Meanwhile, back on Mount Sinai, Moshe, who now has the Ten Words in written form—“the two tablets of Testimony”3—is told by God that
“your people
whom you brought up from the land of Egypt
has wrought ruin!”
The Covenant has already been broken—as it were, minutes after it was made. The people are no longer God’s but Moshe’s. God calls them “stiff-necked” (in King James; “hard-necked” in Fox, like the hard-hearted Pharaoh), and he asks Moshe’s leave to destroy them. He will use Moshe alone to “make into a great nation,” as he used Noah after the Flood.
For the first time (but hardly for the last) God’s chosen representative argues with him:
“For-what-reason,
O YHWH,
should your anger flare out against your people
whom you brought out of the land of Egypt
with great power,
with a strong hand?
For-what-reason should the Egyptians (be able to) say, yes, say:
‘With evil intent he brought them out,
to kill them in the mountains,
to destroy them from the face of the soil’?
Turn away from your flaming anger,
be sorry for the evil (intended) against your people!
Recall Avraham, Yitzhak and Yisrael your servants,
to whom you swore by yourself
when you spoke to them:
‘I will make your seed many
as the stars of the heavens,
and all this land which I have promised,
I will give to your seed,
that they may inherit (it) for the ages!’ ”
And YHWH let himself be sorry concerning the evil
that he had spoken of doing to his people.
Well, the truth is that YHWH is something of a bull—and he shouldn’t be so surprised that the people have decided to picture him thus.
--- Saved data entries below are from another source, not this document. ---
(* There exist maps $A,B:\{0,1\}^n\to(\{a,b\}\cup\{\epsilon\})^{t}$ with $t=O(n)$, say $A(x)=(\alpha_1,\dots,\alpha_t)$ and $B(y)=(\beta_1,\dots,\beta_t)$, such that for every $(x,y)$ in the domain $D_n$ of $PIP_2$, the word $\alpha_1\beta_1\alpha_2\beta_2\cdots\alpha_t\beta_t$ belongs to $L_5$ if and only if $PIP_2(x,y)=1$. Consequently $N^1(L_5)(O(n))\ge N^1(PIP_2)(n)$, i.e. any lower bound $N^1(PIP_2)=\Omega(n)$ would give $N^1(L_5)=\Omega(n)$.
   Context: $L_5$ is the language recognized by the deterministic automaton with states $1,2,3,4,5$, initial state $1$, accepting set $\{5\}$, and transitions $\delta(1,a)=\delta(1,b)=2$, $\delta(2,a)=5$, $\delta(2,b)=3$, $\delta(3,a)=4$, $\delta(3,b)=5$, $\delta(4,a)=3$, $\delta(4,b)=1$, $\delta(5,a)=\delta(5,b)=5$. $\epsilon$ denotes the empty word. $PIP_2$ is the promise function with domain $D_n\subseteq\{0,1\}^n\times\{0,1\}^n$ consisting of all $(x,y)$ with $\sum_{i}x_iy_i$ odd, together with all $(x,y)$ with $\sum_ix_iy_i$ even such that for every $i$: if $x_i=0,y_i=1$ then $\sum_{j<i}x_jy_j$ is even, and if $x_i=1,y_i=0$ then $\sum_{j<i}x_jy_j$ is odd; on $D_n$, $PIP_2(x,y)=1$ iff $\sum_ix_iy_i$ is odd. Alice holds $x$, Bob holds $y$. $N^1$ denotes non-deterministic communication complexity (for a promise function, covering of the 1-inputs by rectangles containing no 0-input of the domain); for $L_5$, $N^1(L_5)(n)$ is that of the problem where Alice receives $a_1,a_3,\dots,a_{2n-1}$, Bob receives $a_2,\dots,a_{2n}$, each in $\{a,b,\epsilon\}$, deciding whether $a_1\cdots a_{2n}\in L_5$. *)

theory Defs
  imports Main
begin

datatype letter = La | Lb

definition delta5 :: "nat \<Rightarrow> letter \<Rightarrow> nat" where
  "delta5 q c = (if q = 1 then 2
     else if q = 2 then (if c = La then 5 else 3)
     else if q = 3 then (if c = La then 4 else 5)
     else if q = 4 then (if c = La then 3 else 1)
     else if q = 5 then 5 else q)"

definition L5 :: "letter list set" where
  "L5 = {w. foldl delta5 1 w = 5}"

text \<open>A symbol of the alphabet {a, b, epsilon}; None is the empty word.\<close>
definition sym_word :: "letter option \<Rightarrow> letter list" where
  "sym_word s = (case s of None \<Rightarrow> [] | Some c \<Rightarrow> [c])"

definition interleave :: "letter option list \<Rightarrow> letter option list \<Rightarrow> letter list" where
  "interleave as bs = concat (map (\<lambda>(\<alpha>, \<beta>). sym_word \<alpha> @ sym_word \<beta>) (zip as bs))"

definition ip_prefix :: "bool list \<Rightarrow> bool list \<Rightarrow> nat \<Rightarrow> nat" where
  "ip_prefix x y i = card {j. j < i \<and> x ! j \<and> y ! j}"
It is obvious that at this period—a period in which this odd little phyla of Semites is ever so gradually evolving from polytheists to monotheists—they are attributing to their favorite God the qualities of other principal Middle Eastern deities: he is a storm god, who appears in heavenly fire and fog and whose angers, like his thunderbolts, are sudden and destructive, fulminating and volcanic (like Vulcan, fire god of the Romans). As we shall see, these depictions of divine wrath will eventually give way to a purer understanding of God, but at this moment we have a snapshot of monotheism in its tadpole stage.
It should also be noted that God’s portrayal of the Israelites as “stiff-necked” will one day serve as the dominant note in Christian caricatures of Jews. It will be Shylock’s “stiff-necked” and literalist adherence to an outmoded morality of revenge that will enable Shakespeare to cast him in so unfavorable a light. The assumption will be that Jews, because of their moral vision of an unforgiving God, do not forgive but always insist on their “pound of flesh.” It is this supposedly “Jewish” quality that will serve as a fundamental justification for the anti-Jewish attitudes that so infected the Middle Ages—right up to the late modern period, when new theories of racial inferiority made it possible for medieval anti-Hebraism (which was basically a kind of character assassination) to be replaced by the more horrifyingly effective weapon of “scientific” anti-Semitism.
What is ghoulishly fascinating about the history of Christian depictions of Jews (even as early as the fourth century A.D. in the elegantly vicious sermons of John Chrysostom) is that the people being excoriated are presumed to exhibit the unyielding qualities of God himself—the same God whom Christians claimed to worship and whose sacred scriptures they revered. A good case can be made that medieval anti-Hebraism and its modern offspring anti-Semitism are both forms of God-hatred, masquerading as self-justifying intolerance. The hatred of Christians for Jews may have its ultimate source in hatred of God, a hatred that the hater must carefully keep himself from knowing about. Why would one hate God? To find the answer we probably need look no further than the stark, unyielding Ten.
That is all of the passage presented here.